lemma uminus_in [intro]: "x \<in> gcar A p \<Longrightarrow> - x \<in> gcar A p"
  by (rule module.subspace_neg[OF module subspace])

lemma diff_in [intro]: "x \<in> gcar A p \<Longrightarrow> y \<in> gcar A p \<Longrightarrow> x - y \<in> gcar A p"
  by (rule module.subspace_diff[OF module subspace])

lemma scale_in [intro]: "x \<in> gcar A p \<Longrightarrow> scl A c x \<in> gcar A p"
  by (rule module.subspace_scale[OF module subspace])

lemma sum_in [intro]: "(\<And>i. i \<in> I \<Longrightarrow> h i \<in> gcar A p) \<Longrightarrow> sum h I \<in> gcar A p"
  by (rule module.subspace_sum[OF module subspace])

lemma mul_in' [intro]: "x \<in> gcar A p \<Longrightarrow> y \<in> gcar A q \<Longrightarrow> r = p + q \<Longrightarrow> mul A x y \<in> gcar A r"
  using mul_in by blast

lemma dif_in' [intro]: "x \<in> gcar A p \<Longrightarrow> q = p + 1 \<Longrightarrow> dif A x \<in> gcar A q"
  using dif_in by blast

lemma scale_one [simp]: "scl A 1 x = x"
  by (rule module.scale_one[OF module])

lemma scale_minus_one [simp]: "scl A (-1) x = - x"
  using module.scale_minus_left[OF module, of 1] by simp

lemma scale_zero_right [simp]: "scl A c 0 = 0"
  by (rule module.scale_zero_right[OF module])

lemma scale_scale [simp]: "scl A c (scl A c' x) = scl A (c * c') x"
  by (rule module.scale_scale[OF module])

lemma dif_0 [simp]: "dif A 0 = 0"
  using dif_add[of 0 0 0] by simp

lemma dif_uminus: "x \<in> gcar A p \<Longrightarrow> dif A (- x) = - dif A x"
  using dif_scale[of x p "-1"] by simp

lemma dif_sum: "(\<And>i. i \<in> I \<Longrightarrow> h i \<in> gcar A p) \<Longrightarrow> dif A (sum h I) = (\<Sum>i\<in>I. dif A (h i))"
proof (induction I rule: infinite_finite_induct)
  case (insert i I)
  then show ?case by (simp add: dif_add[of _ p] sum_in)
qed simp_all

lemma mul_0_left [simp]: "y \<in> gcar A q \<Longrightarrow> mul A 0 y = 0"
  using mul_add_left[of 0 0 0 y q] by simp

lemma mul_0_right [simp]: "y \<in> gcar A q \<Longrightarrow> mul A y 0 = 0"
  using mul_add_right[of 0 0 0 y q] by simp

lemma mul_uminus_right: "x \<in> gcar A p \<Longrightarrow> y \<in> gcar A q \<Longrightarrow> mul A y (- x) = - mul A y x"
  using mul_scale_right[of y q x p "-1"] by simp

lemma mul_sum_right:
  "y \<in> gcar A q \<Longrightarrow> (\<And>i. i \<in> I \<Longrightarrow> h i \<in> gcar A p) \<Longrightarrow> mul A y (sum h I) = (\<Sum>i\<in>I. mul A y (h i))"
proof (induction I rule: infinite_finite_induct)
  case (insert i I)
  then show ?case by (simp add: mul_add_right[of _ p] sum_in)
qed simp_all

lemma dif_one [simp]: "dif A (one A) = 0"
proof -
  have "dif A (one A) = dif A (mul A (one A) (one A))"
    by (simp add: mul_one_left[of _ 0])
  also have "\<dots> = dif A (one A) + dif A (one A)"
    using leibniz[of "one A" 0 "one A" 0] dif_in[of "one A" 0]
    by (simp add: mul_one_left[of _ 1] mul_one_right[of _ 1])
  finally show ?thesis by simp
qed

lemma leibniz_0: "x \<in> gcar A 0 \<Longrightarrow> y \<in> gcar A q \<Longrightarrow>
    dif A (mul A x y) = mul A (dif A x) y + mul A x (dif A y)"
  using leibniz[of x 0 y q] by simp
--------------------
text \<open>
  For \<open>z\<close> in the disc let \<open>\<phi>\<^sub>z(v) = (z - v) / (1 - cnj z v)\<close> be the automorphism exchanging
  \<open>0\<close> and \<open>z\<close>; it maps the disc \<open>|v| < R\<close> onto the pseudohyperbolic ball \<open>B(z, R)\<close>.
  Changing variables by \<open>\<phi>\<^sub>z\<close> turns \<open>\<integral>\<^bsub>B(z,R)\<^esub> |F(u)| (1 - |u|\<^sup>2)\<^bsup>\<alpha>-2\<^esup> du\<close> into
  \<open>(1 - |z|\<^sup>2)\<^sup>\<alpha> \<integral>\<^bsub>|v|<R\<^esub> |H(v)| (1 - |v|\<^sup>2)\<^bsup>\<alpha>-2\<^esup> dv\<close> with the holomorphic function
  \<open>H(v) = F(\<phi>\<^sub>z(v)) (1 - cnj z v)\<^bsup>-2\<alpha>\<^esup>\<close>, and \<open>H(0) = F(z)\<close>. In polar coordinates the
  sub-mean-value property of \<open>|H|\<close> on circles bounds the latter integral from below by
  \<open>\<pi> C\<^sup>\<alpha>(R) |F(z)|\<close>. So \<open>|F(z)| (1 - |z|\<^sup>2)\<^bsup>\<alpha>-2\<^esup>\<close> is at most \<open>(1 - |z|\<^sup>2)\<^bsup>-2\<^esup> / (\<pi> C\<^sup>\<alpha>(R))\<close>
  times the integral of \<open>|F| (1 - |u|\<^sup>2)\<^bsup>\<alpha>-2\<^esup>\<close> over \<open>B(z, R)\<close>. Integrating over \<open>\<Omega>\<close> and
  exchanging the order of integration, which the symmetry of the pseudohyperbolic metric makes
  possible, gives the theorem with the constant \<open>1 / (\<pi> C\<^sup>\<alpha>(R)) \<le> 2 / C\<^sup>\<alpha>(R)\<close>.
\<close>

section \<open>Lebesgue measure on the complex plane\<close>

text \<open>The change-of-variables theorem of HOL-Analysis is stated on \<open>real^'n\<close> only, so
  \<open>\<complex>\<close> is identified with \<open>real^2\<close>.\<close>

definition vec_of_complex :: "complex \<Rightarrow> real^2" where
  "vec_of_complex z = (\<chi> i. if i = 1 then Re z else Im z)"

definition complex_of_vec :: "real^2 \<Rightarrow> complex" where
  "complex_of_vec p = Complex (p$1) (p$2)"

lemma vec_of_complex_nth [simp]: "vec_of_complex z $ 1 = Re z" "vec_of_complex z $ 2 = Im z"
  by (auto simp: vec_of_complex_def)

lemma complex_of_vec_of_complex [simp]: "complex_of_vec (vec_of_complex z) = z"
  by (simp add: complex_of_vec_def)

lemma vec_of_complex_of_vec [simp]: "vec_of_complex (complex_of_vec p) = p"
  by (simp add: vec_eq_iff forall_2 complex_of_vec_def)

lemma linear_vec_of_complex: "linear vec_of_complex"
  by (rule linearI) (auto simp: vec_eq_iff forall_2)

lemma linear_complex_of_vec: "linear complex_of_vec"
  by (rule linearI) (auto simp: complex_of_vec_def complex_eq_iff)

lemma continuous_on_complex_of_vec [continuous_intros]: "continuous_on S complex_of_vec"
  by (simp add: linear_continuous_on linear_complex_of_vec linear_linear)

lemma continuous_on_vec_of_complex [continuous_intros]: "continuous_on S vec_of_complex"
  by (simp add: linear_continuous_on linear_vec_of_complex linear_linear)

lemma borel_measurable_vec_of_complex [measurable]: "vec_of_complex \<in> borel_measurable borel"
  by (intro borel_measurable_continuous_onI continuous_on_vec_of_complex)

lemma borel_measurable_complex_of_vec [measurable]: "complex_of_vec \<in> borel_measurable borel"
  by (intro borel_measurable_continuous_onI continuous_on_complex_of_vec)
--------------------
*Goal of the exercise:* Begin at the line above that has "p \<Longrightarrow> - x" and stop after the line that has "p \<Longrightarrow> q", copying each line exactly and adding nothing else.

*Reply:*
lemma uminus_in [intro]: "x \<in> gcar A p \<Longrightarrow> - x \<in> gcar A p"
  by (rule module.subspace_neg[OF module subspace])

lemma diff_in [intro]: "x \<in> gcar A p \<Longrightarrow> y \<in> gcar A p \<Longrightarrow> x - y \<in> gcar A p"
  by (rule module.subspace_diff[OF module subspace])

lemma scale_in [intro]: "x \<in> gcar A p \<Longrightarrow> scl A c x \<in> gcar A p"
  by (rule module.subspace_scale[OF module subspace])

lemma sum_in [intro]: "(\<And>i. i \<in> I \<Longrightarrow> h i \<in> gcar A p) \<Longrightarrow> sum h I \<in> gcar A p"
  by (rule module.subspace_sum[OF module subspace])

lemma mul_in' [intro]: "x \<in> gcar A p \<Longrightarrow> y \<in> gcar A q \<Longrightarrow> r = p + q \<Longrightarrow> mul A x y \<in> gcar A r"
  using mul_in by blast

lemma dif_in' [intro]: "x \<in> gcar A p \<Longrightarrow> q = p + 1 \<Longrightarrow> dif A x \<in> gcar A q"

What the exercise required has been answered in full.